Oh, metadata also goes into the data pool? Hmm, I had thought only the
metadata pool but if not then that might explain a lot.

> Can you remind us of how the pools are configured and what devices
> they are on and how many OSDs and PGs they have? 

I don't think the design of the cluster is particularly great, but here
goes:

3 x mon/mgr nodes
3 x mds nods
10 x osd nodes

The OSD nodes have 72 CPU threads, 256GB RAM, a few NVMe drives and 60x
(yes, sixty) SATA drives. Of the SATA drives, ~200 are 10TB and ~400
are 16TB (previous custodians replaced drives to try and increase free
space in the cluster).

The nodes are very busy with lots of io wait (potentially also
impacting the metadata pool, as they are co-located on the same nodes).

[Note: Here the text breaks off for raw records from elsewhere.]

(* Assume that for all $0\le i,j\le d$: $E^*_iAE^*_j=0$ if $i-j>1$, and $E^*_iAE^*_j\ne0$ if $i-j=1$. Let $v^*_0$ be a nonzero vector in $E^*_0V$. Then the $\mathbb K$-linear map $\mathcal D\to V$, $X\mapsto Xv^*_0$, is an isomorphism of $\mathbb K$-vector spaces.
   Context: Let $\mathbb K$ be a field, $d\ge 0$ an integer, and $\mathcal A$ a $\mathbb K$-algebra isomorphic to $\mathrm{Mat}_{d+1}(\mathbb K)$, with identity $I$. An element of $\mathcal A$ is multiplicity-free if it has $d+1$ mutually distinct eigenvalues, all in $\mathbb K$; for such $A$ with eigenvalues $\theta_0,\ldots,\theta_d$, the primitive idempotent associated with $\theta_i$ is $E_i=\prod_{j\ne i}(A-\theta_jI)/(\theta_i-\theta_j)$. Standing setup: $A,A^*$ are multiplicity-free elements of $\mathcal A$ ($A^*$ is just a name, not an adjoint); $E_0,\ldots,E_d$ is an ordering of the primitive idempotents of $A$; $E^*_0,\ldots,E^*_d$ is an ordering of the primitive idempotents of $A^*$; $\mathcal D$ is the subalgebra of $\mathcal A$ generated by $A$; $V$ is an irreducible left $\mathcal A$-module. *)

theory Defs
  imports "HOL-Analysis.Analysis" "HOL-Computational_Algebra.Polynomial"
begin

text \<open>The algebra is modelled concretely as the (d+1) x (d+1) matrices over a field K,
  with index type 'n and CARD('n) = d+1; matrix product is (**), identity is mat 1,
  and the scalar multiple c X is written mat c ** X.\<close>

primrec mat_pow :: "('a::semiring_1)^'n^'n \<Rightarrow> nat \<Rightarrow> 'a^'n^'n" where
  "mat_pow X 0 = mat 1"
| "mat_pow X (Suc k) = X ** mat_pow X k"

definition poly_mat :: "('a::field) poly \<Rightarrow> 'a^'n^'n \<Rightarrow> 'a^'n^'n" where
  "poly_mat p X = (\<Sum>k\<le>degree p. mat (coeff p k) ** mat_pow X k)"

definition gen_subalg :: "('a::field)^'n^'n \<Rightarrow> ('a^'n^'n) set" where
  "gen_subalg X = {poly_mat p X | p. True}"

definition mf_eigs :: "('a::field)^'n^'n \<Rightarrow> (nat \<Rightarrow> 'a) \<Rightarrow> bool" where
  "mf_eigs X \<theta> \<longleftrightarrow> inj_on \<theta> {..<CARD('n)} \<and>
     (\<forall>i<CARD('n). \<exists>v. v \<noteq> 0 \<and> X *v v = \<theta> i *s v)"

definition multiplicity_free :: "('a::field)^'n^'n \<Rightarrow> bool" where
  "multiplicity_free X \<longleftrightarrow> (\<exists>\<theta>. mf_eigs X \<theta>)"

text \<open>Primitive idempotent E_i = prod_{j /= i} (X - theta_j I)/(theta_i - theta_j).
  (The factors commute, so the order of the product is irrelevant.)\<close>
definition prim_idem :: "('a::field)^'n^'n \<Rightarrow> (nat \<Rightarrow> 'a) \<Rightarrow> nat \<Rightarrow> 'a^'n^'n" where
  "prim_idem X \<theta> i =
     foldr (\<lambda>j M. (mat (inverse (\<theta> i - \<theta> j)) ** (X - mat (\<theta> j))) ** M)
       (filter (\<lambda>j. j \<noteq> i) [0..<CARD('n)]) (mat 1)"

definition idem_ordering :: "('a::field)^'n^'n \<Rightarrow> (nat \<Rightarrow> 'a^'n^'n) \<Rightarrow> bool" where
  "idem_ordering X E \<longleftrightarrow>
     (\<exists>\<theta>. mf_eigs X \<theta> \<and> (\<forall>i<CARD('n). E i = prim_idem X \<theta> i))"

text \<open>V (the universe of type 'v) is a left module over the matrix algebra via act,
  with underlying K-vector space structure given by sc.\<close>
definition alg_module ::
  "('a::field \<Rightarrow> 'v::ab_group_add \<Rightarrow> 'v) \<Rightarrow> ('a^'n^'n \<Rightarrow> 'v \<Rightarrow> 'v) \<Rightarrow> bool" where
  "alg_module sc act \<longleftrightarrow> vector_space sc \<and>
     (\<forall>X Y v. act (X ** Y) v = act X (act Y v)) \<and>
     (\<forall>v. act (mat 1) v = v) \<and>
     (\<forall>X Y v. act (X + Y) v = act X v + act Y v) \<and>
     (\<forall>X u w. act X (u + w) = act X u + act X w) \<and>
     (\<forall>c X v. act (mat c ** X) v = sc c (act X v)) \<and>
     (\<forall>c X v. act X (sc c v) = sc c (act X v))"

definition irreducible_module ::
  "('a::field \<Rightarrow> 'v::ab_group_add \<Rightarrow> 'v) \<Rightarrow> ('a^'n^'n \<Rightarrow> 'v \<Rightarrow> 'v) \<Rightarrow> bool" where
  "irreducible_module sc act \<longleftrightarrow> alg_module sc act \<and> (\<exists>v::'v. v \<noteq> 0) \<and>
     (\<forall>W. 0 \<in> W \<and> (\<forall>u\<in>W. \<forall>w\<in>W. u + w \<in> W) \<and> (\<forall>X. \<forall>w\<in>W. act X w \<in> W)
          \<longrightarrow> W = {0} \<or> W = UNIV)"

end

theory Submission
  imports Defs
begin

text \<open>Write \<open>F\<close> for \<open>Es 0\<close>. The \<open>Es i\<close> are orthogonal rank-one idempotents summing
  to the identity, and \<open>A\<close> is lower Hessenberg with nonzero subdiagonal with respect to them, so
  \<open>Es j A\<^sup>k F\<close> vanishes for \<open>j > k\<close> and is nonzero for \<open>j = k\<close>. Since the space
  \<open>Es j \<A> F\<close> is one-dimensional, induction over \<open>j\<close> shows that every \<open>M F\<close> equals
  \<open>X F\<close> for some \<open>X\<close> in the algebra \<open>\<D>\<close> generated by \<open>A\<close>. As \<open>v\<^sub>0 = F v\<^sub>0\<close> and
  \<open>V = \<A> v\<^sub>0\<close> by irreducibility, this gives \<open>V = \<D> v\<^sub>0\<close>. If \<open>X v\<^sub>0 = 0\<close> with
  \<open>X \<in> \<D>\<close>, then \<open>X F = 0\<close>, for otherwise some \<open>Q X F = F\<close> would give \<open>v\<^sub>0 = 0\<close>; and then,
  \<open>\<D>\<close> being commutative, \<open>X M F = X Y F = Y X F = 0\<close> for all \<open>M\<close>, forcing \<open>X = 0\<close>.\<close>

lemma matrix_add_rdistrib: "((A::'a::semiring_1^'n^'m) + B) ** C = A ** C + B ** C"
  by (vector matrix_matrix_mult_def sum.distrib distrib_right)

lemma matrix_diff_rdistrib: "((A::'a::ring_1^'n^'m) - B) ** C = A ** C - B ** C"
  by (vector matrix_matrix_mult_def sum_subtractf left_diff_distrib)

lemma matrix_mult_sum_left: "sum f S ** (M::'a::semiring_1^'p^'n) = (\<Sum>x\<in>S. f x ** M)"
  by (induction S rule: infinite_finite_induct) (simp_all add: matrix_add_rdistrib)

lemma matrix_mult_sum_right: "(M::'a::semiring_1^'n^'m) ** sum f S = (\<Sum>x\<in>S. M ** f x)"
  by (induction S rule: infinite_finite_induct) (simp_all add: matrix_add_ldistrib)

lemma matrix_vector_mult_sum_left: "sum f S *v (v::'a::semiring_1^'n) = (\<Sum>x\<in>S. f x *v v)"
  by (induction S rule: infinite_finite_induct) (simp_all add: matrix_vector_mult_add_rdistrib)

lemma matrix_vector_mult_sum_right: "(M::'a::semiring_1^'n^'m) *v sum f S = (\<Sum>x\<in>S. M *v f x)"
  by (induction S rule: infinite_finite_induct) (simp_all add: matrix_vector_right_distrib)

lemma mat_mult_left: "mat c ** (X::'a::comm_semiring_1^'n^'m) = (\<chi> i j. c * X$i$j)"
  by (simp add: matrix_matrix_mult_def mat_def vec_eq_iff if_distrib if_distribR sum.delta
      cong: if_cong)

lemma mat_mult_right: "(X::'a::comm_semiring_1^'n^'m) ** mat c = (\<chi> i j. c * X$i$j)"
  by (simp add: matrix_matrix_mult_def mat_def vec_eq_iff if_distrib if_distribR sum.delta'
      mult.commute cong: if_cong)

lemma mat_mult_commute: "mat c ** (X::'a::comm_semiring_1^'n^'n) = X ** mat c"
  by (simp only: mat_mult_left mat_mult_right)

lemma mat_mult_mat: "mat c ** mat c' = (mat (c * c') :: 'a::comm_semiring_1^'n^'n)"
  unfolding mat_mult_left by (simp add: mat_def vec_eq_iff)

lemma matrix_mult_mat_left_commute:
  "(X::'a::comm_semiring_1^'n^'n) ** (mat c ** Y) = mat c ** (X ** Y)"
  by (metis mat_mult_commute matrix_mul_assoc)

lemma mat_add: "mat (a + b) = (mat a + mat b :: 'a::comm_ring_1^'n^'n)"
  by (vector mat_def)

lemma mat_diff: "mat (a - b) = (mat a - mat b :: 'a::comm_ring_1^'n^'n)"
  by (vector mat_def)

lemma mat_mult_vector: "mat c *v (v::'a::comm_semiring_1^'n) = c *s v"
  by (simp add: matrix_vector_mult_def mat_def vec_eq_iff if_distrib if_distribR sum.delta
      cong: if_cong)

lemma matrix_sandwich_neq_0:
  fixes M N :: "'a::field^'n^'n"
  assumes "M \<noteq> 0" "N \<noteq> 0"
  obtains P where "M ** P ** N \<noteq> 0"
proof -
  obtain a b where ab: "M$a$b \<noteq> 0" using assms(1) by (metis vec_eq_iff zero_index)
  obtain c e where ce: "N$c$e \<noteq> 0" using assms(2) by (metis vec_eq_iff zero_index)
  define P :: "'a^'n^'n" where "P = (\<chi> i j. if i = b \<and> j = c then 1 else 0)"
  have "M ** P = (\<chi> i k. if k = c then M$i$b else 0)"
    by (simp add: P_def matrix_matrix_mult_def vec_eq_iff if_distrib if_distribR sum.delta'
        cong: if_cong)
  then have "(M ** P ** N)$a$e = M$a$b * N$c$e"
    by (simp add: matrix_matrix_mult_def if_distrib if_distribR sum.delta' cong: if_cong)
  then show ?thesis using that ab ce by (metis mult_eq_0_iff zero_index)
qed

section \<open>Minimal idempotents\<close>

text \<open>In a full matrix algebra these are exactly the idempotents of rank one.\<close>

definition minimal_idempotent :: "('a::field)^'n^'n \<Rightarrow> bool" where
  "minimal_idempotent E \<longleftrightarrow> E \<noteq> 0 \<and> E ** E = E \<and> (\<forall>M. \<exists>c. E ** M ** E = mat c ** E)"

lemma minimal_idempotent_left_inverse:
  fixes F N :: "'a::field^'n^'n"
  assumes F: "minimal_idempotent F" and N: "N ** F = N" "N \<noteq> 0"
  obtains Q where "Q ** N = F"
proof -
  have "F \<noteq> 0" using F by (simp add: minimal_idempotent_def)
  then obtain P where P: "F ** P ** N \<noteq> 0" by (rule matrix_sandwich_neq_0[OF _ N(2)])
  obtain c where c: "F ** (P ** N) ** F = mat c ** F"
    using F by (auto simp: minimal_idempotent_def)
  have FPN: "F ** P ** N = mat c ** F"
    using c N(1) by (metis matrix_mul_assoc)
  then have "c \<noteq> 0" using P by auto
  have "(mat (inverse c) ** F ** P) ** N = mat (inverse c) ** (mat c ** F)"
    by (metis matrix_mul_assoc FPN)
  also have "\<dots> = F" using \<open>c \<noteq> 0\<close> by (simp add: matrix_mul_assoc mat_mult_mat)
  finally show ?thesis by (rule that)
qed

lemma minimal_idempotent_mult_neq_0:
  fixes E M N :: "'a::field^'n^'n"
  assumes E: "minimal_idempotent E" and M: "M ** E = M" "M \<noteq> 0" and N: "E ** N = N" "N \<noteq> 0"
  shows "M ** N \<noteq> 0"
proof
  assume "M ** N = 0"
  obtain Q where "Q ** M = E" using E M by (rule minimal_idempotent_left_inverse)
  then have "N = Q ** (M ** N)" using N(1) by (simp add: matrix_mul_assoc)
  with \<open>M ** N = 0\<close> N(2) show False by simp
qed

lemma minimal_idempotent_corner_scalar:
  fixes E F M N :: "'a::field^'n^'n"
  assumes E: "minimal_idempotent E" and F: "minimal_idempotent F"
    and N: "E ** N ** F = N" "N \<noteq> 0"
  obtains c where "E ** M ** F = mat c ** N"
proof -
  have EE: "E ** E = E" and FF: "F ** F = F" using E F by (simp_all add: minimal_idempotent_def)
  have EN: "E ** N = N" using N(1) EE by (metis matrix_mul_assoc)
  have "N ** F = N" using N(1) FF by (metis matrix_mul_assoc)
  then obtain Q where Q: "Q ** N = F" using F N(2) by (metis minimal_idempotent_left_inverse)
  obtain c where c: "E ** (M ** F ** Q) ** E = mat c ** E"
    using E by (auto simp: minimal_idempotent_def)
  have "E ** M ** F = E ** (M ** F ** Q) ** E ** N"
    using FF Q EN by (metis matrix_mul_assoc)
  also have "\<dots> = mat c ** N" using c EN by (metis matrix_mul_assoc)
  finally show ?thesis by (rule that)
qed

lemma alg_module_act_zero_left:
  assumes "alg_module sc act" shows "act 0 v = 0"
proof -
  have "act (0 + 0) v = act 0 v + act 0 v" using assms unfolding alg_module_def by blast
  then show ?thesis by simp
qed

lemma alg_module_act_zero_right:
  assumes "alg_module sc act" shows "act X 0 = 0"
proof -
  have "act X (0 + 0) = act X 0 + act X 0" using assms unfolding alg_module_def by blast
  then show ?thesis by simp
qed

lemma alg_module_act_diff:
  assumes "alg_module sc act" shows "act (X - Y) v = act X v - act Y v"
proof -
  have "act (X - Y + Y) v = act (X - Y) v + act Y v" using assms unfolding alg_module_def by blast
  then show ?thesis by (simp add: eq_diff_eq)
qed

lemma alg_module_act_mult: "alg_module sc act \<Longrightarrow> act (X ** Y) v = act X (act Y v)"
  by (simp add: alg_module_def)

The cephfs_data is on the SATA drive across the 10 nodes and uses a
couple of NVMe drives on each node for journal. This pool has ~600
OSDs, 8PB total and 1.7PB used (84%) with almost 3 billion objects and
32,768 pgnums (probably needs doubling, but I haven't wanted to do that
with these performance issues still going on).

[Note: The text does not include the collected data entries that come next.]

text \<open>Convergence in the transported norm means \<open>inv K (fs n) \<longrightarrow> inv K f\<close>; as such
  sequences in \<open>dom W\<close> exist, the description in \<open>ext_form\<close> has exactly one solution.\<close>
lemma ext_form_eqI:
  assumes f: "f \<in> dom (krein_S W)" and g: "g \<in> dom (krein_S W)"
    and lim: "\<And>fs gs. \<forall>n. fs n \<in> dom W \<and> gs n \<in> dom W \<Longrightarrow>
      (\<lambda>n. inv K (fs n)) \<longlonglongrightarrow> inv K f \<Longrightarrow> (\<lambda>n. inv K (gs n)) \<longlonglongrightarrow> inv K g \<Longrightarrow>
      (\<lambda>n. \<phi> (fs n) (gs n)) \<longlonglongrightarrow> c"
  shows "ext_form W \<phi> f g = c"
  unfolding ext_form_def
proof (rule the_equality)
  have conv: "(\<lambda>n. inv K (hs n)) \<longlonglongrightarrow> inv K h"
    if "\<forall>n. hs n \<in> dom W" "h \<in> dom (krein_S W)" "(\<lambda>n. norm (the (krein_S W (hs n - h)))) \<longlonglongrightarrow> 0" for hs h
    using that dom_W_subset_dom_krein_S
    by (simp add: the_krein_S_diff subset_iff LIM_zero_iff tendsto_norm_zero_iff)
  show "\<forall>fs gs. (\<forall>n. fs n \<in> dom W \<and> gs n \<in> dom W) \<and>
      (\<lambda>n. norm (the (krein_S W (fs n - f)))) \<longlonglongrightarrow> 0 \<and>
      (\<lambda>n. norm (the (krein_S W (gs n - g)))) \<longlonglongrightarrow> 0 \<longrightarrow> (\<lambda>n. \<phi> (fs n) (gs n)) \<longlonglongrightarrow> c"
    using conv[OF _ f] conv[OF _ g] lim by blast
  fix c' assume c': "\<forall>fs gs. (\<forall>n. fs n \<in> dom W \<and> gs n \<in> dom W) \<and>
      (\<lambda>n. norm (the (krein_S W (fs n - f)))) \<longlonglongrightarrow> 0 \<and>
      (\<lambda>n. norm (the (krein_S W (gs n - g)))) \<longlonglongrightarrow> 0 \<longrightarrow> (\<lambda>n. \<phi> (fs n) (gs n)) \<longlonglongrightarrow> c'"
  have approx: "\<exists>hs. (\<forall>n. hs n \<in> dom W) \<and> (\<lambda>n. norm (the (krein_S W (hs n - h)))) \<longlonglongrightarrow> 0"
    if h: "h \<in> dom (krein_S W)" for h
  proof -
    obtain hs where hs: "\<forall>n. hs n \<in> dom W" "(\<lambda>n. inv K (hs n)) \<longlonglongrightarrow> inv K h"
      using dom_W_approximates[OF h] .
    then have "(\<lambda>n. norm (the (krein_S W (hs n - h)))) \<longlonglongrightarrow> 0"
      using h dom_W_subset_dom_krein_S
      by (simp add: the_krein_S_diff subset_iff LIM_zero_iff tendsto_norm_zero_iff)
    with hs(1) show ?thesis by blast
  qed
  obtain fs where fs: "\<forall>n. fs n \<in> dom W" "(\<lambda>n. norm (the (krein_S W (fs n - f)))) \<longlonglongrightarrow> 0"
    using approx[OF f] by blast
  obtain gs where gs: "\<forall>n. gs n \<in> dom W" "(\<lambda>n. norm (the (krein_S W (gs n - g)))) \<longlonglongrightarrow> 0"
    using approx[OF g] by blast
  have "(\<lambda>n. \<phi> (fs n) (gs n)) \<longlonglongrightarrow> c'" using c' fs gs by blast
  moreover have "(\<lambda>n. \<phi> (fs n) (gs n)) \<longlonglongrightarrow> c" using lim conv[OF fs(1) f fs(2)] conv[OF gs(1) g gs(2)] fs gs by blast
  ultimately show "c' = c" by (rule LIMSEQ_unique)
qed

lemma cinner_op_abs_W:
  assumes "f \<in> dom W" "g \<in> dom W"
  shows "cinner f (the (op_abs W g)) = cinner (inv K f) (inv K g)"
proof -
  obtain a c where f: "f = K a" and g: "g = T c" using assms dom_W_subset_range_K range_T by blast
  have "the (op_abs W g) = J c" by (simp add: op_abs_W g T_eq_M_J the_inverse_op_apply[OF inj_M])
  moreover have "inv K g = K (J c)" using inj_K by (simp add: g T_eq_M_J K_K [symmetric])
  ultimately show ?thesis using hermitian_K inj_K by (simp add: f hermitian_def)
qed

lemma cinner_W:
  assumes "f \<in> dom W" "g \<in> dom W"
  shows "cinner f (the (W g)) = cinner (inv K f) (J (inv K g))"
proof -
  obtain a c where f: "f = K a" and g: "g = T c" using assms dom_W_subset_range_K range_T by blast
  have "J (inv K g) = K c" using inj_K by (simp add: g T_eq_K_J_K J_J)
  then show ?thesis using hermitian_K inj_K by (simp add: f g W_T hermitian_def)
qed

lemma krein_Jip_eq:
  "f \<in> dom (krein_S W) \<Longrightarrow> g \<in> dom (krein_S W) \<Longrightarrow> krein_Jip W f g = cinner (inv K f) (inv K g)"
  unfolding krein_Jip_def by (rule ext_form_eqI) (simp_all add: cinner_op_abs_W tendsto_cinner)

lemma krein_ip_eq:
  "f \<in> dom (krein_S W) \<Longrightarrow> g \<in> dom (krein_S W) \<Longrightarrow> krein_ip W f g = cinner (inv K f) (J (inv K g))"
  unfolding krein_ip_def
  by (rule ext_form_eqI) (simp_all add: cinner_W tendsto_cinner continuous_on_tendsto_compose[OF continuous_J])

lemma norm_krein_S_eq_krein_Jnorm: "h \<in> dom W \<Longrightarrow> norm (the (krein_S W h)) = krein_Jnorm W h"
  using subsetD[OF dom_W_subset_dom_krein_S]
  by (simp add: krein_Jnorm_def cinner_op_abs_W the_krein_S Re_cinner_self)

lemma bij_krein_S: "bij_betw (\<lambda>x. the (krein_S W x)) (dom (krein_S W)) UNIV"
  unfolding dom_krein_S
  by (rule bij_betw_byWitness[where f' = K]) (auto simp: the_krein_S_K)

lemma cinner_krein_S:
  "f \<in> dom (krein_S W) \<Longrightarrow> g \<in> dom (krein_S W) \<Longrightarrow>
     cinner (the (krein_S W f)) (the (krein_S W g)) = krein_Jip W f g"
  by (simp add: the_krein_S krein_Jip_eq)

The cephfs_metadata pool is running on the remaining NVMe drives on the
same nodes, which is a total of 12 NVMe drives across the 10 OSD nodes.
It has 115 million objects and 512 pgnum (maybe this should be
increased).

$ sudo ceph df
GLOBAL:
 SIZE     AVAIL    RAW USED  %RAW USED
 8.01PiB  2.94PiB   5.06PiB      63.22 
POOLS:
 NAME             ID  USED     %USED  MAX AVAIL  OBJECTS
 cephfs_data      1   1.67PiB  84.78     308TiB  2692685430
 cephfs_metadata  2   2.16GiB   0.16    1.33TiB   115441446

The cluster is very unbalanced, when I inherited the cluster, ~30% were
over 90% full and ~20% were over 92% full. With some reweighting and
data deletion the most full is now under 85%. However, it's still very
unbalanced. I would like to turn upmap on and use the balancer module
on, but some (not many) of the clients are showing up as jewel and I
need to confirm whether they really are jewel or not before I can set
min clien version to luminous... so it's another thing on the backlog.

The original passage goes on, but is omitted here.